* Dataset records *
--- --- ---

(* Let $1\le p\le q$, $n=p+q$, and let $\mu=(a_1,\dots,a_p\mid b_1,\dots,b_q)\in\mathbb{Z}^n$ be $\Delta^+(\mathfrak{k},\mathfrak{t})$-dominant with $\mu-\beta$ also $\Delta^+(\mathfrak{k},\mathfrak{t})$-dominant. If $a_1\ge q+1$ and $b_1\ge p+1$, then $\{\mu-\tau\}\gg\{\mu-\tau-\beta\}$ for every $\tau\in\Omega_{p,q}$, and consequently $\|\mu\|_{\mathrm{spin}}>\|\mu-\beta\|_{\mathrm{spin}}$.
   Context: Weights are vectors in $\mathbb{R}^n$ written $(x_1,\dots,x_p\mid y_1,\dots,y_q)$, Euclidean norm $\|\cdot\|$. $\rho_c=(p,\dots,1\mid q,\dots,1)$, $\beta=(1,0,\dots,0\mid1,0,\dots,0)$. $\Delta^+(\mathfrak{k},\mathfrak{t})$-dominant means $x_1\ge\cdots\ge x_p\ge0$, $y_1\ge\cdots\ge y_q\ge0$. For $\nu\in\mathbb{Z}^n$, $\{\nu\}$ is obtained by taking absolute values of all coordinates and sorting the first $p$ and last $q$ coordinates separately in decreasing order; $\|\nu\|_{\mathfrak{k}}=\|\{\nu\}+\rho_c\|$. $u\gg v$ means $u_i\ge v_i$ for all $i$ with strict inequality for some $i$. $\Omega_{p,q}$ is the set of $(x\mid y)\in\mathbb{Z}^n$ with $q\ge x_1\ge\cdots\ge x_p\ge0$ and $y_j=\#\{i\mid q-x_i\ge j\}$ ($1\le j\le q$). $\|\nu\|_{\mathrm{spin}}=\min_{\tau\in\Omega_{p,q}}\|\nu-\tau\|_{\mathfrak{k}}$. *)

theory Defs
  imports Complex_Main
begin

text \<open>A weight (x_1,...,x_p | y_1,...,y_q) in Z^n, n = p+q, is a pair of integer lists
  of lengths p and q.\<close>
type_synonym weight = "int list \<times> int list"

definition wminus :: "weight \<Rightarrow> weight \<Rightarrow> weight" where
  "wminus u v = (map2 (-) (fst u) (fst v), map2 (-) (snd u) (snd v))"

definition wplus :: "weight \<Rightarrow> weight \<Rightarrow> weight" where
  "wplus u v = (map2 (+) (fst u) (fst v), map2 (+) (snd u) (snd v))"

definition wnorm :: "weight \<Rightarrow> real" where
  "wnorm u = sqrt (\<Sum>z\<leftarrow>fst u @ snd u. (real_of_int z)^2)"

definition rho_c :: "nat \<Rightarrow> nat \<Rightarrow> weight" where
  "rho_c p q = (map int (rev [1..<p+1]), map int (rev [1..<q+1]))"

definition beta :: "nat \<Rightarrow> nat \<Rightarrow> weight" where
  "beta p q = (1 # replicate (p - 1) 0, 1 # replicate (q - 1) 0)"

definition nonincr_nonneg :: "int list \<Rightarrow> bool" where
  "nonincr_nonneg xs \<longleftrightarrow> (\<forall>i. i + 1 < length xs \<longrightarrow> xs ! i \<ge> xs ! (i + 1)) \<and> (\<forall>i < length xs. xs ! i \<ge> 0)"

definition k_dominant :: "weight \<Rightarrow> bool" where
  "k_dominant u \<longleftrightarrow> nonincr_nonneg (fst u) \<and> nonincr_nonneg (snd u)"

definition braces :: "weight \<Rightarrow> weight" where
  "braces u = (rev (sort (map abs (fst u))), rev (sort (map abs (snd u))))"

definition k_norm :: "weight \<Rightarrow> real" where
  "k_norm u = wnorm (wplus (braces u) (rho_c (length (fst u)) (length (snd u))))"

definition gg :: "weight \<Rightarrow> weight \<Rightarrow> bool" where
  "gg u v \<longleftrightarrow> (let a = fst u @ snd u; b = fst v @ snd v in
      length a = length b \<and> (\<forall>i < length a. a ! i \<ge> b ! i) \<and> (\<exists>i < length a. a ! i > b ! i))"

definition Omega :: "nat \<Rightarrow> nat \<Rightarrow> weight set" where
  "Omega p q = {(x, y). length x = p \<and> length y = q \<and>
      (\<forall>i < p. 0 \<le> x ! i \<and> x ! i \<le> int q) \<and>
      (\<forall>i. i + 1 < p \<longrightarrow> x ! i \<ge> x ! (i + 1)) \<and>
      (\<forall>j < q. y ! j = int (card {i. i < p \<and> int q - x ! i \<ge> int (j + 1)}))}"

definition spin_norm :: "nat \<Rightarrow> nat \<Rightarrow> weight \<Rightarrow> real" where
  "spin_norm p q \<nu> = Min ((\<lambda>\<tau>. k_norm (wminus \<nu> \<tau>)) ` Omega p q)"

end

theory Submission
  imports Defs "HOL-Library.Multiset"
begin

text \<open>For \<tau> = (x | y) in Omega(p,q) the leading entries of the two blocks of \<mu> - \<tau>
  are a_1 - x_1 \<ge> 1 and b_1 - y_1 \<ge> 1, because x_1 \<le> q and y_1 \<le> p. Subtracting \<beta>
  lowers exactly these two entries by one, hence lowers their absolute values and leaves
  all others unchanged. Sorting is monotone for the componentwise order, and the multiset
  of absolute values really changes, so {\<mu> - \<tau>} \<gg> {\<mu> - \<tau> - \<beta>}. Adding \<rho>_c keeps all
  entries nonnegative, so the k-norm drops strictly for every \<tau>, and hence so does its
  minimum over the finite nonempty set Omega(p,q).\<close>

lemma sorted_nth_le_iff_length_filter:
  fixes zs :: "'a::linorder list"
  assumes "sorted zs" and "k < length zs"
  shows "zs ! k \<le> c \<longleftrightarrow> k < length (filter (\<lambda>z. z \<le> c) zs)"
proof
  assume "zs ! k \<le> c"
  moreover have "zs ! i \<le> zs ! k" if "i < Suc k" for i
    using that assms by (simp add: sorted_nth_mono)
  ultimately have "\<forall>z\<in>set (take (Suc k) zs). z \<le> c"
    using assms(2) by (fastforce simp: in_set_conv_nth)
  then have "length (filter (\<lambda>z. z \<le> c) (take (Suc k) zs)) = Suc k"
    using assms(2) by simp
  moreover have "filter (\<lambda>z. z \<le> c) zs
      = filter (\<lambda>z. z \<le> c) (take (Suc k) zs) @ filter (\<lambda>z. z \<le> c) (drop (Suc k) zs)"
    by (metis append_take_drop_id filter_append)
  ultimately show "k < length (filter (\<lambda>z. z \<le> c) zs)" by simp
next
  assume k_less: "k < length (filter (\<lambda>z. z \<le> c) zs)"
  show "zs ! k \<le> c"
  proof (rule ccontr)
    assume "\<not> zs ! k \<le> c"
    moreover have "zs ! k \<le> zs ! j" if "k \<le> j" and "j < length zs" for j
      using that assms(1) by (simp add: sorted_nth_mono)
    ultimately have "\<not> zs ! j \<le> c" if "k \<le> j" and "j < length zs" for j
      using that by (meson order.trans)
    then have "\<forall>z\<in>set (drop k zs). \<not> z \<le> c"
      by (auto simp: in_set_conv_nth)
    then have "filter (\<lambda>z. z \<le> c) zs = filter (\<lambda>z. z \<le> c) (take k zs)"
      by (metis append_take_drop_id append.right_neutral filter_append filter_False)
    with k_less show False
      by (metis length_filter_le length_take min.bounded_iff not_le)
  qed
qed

--- --- ---

Which lines above hold the word "metis"? Copy each of them.

* Expected answer *
    by (metis append_take_drop_id filter_append)
      by (metis append_take_drop_id append.right_neutral filter_append filter_False)
      by (metis length_filter_le length_take min.bounded_iff not_le)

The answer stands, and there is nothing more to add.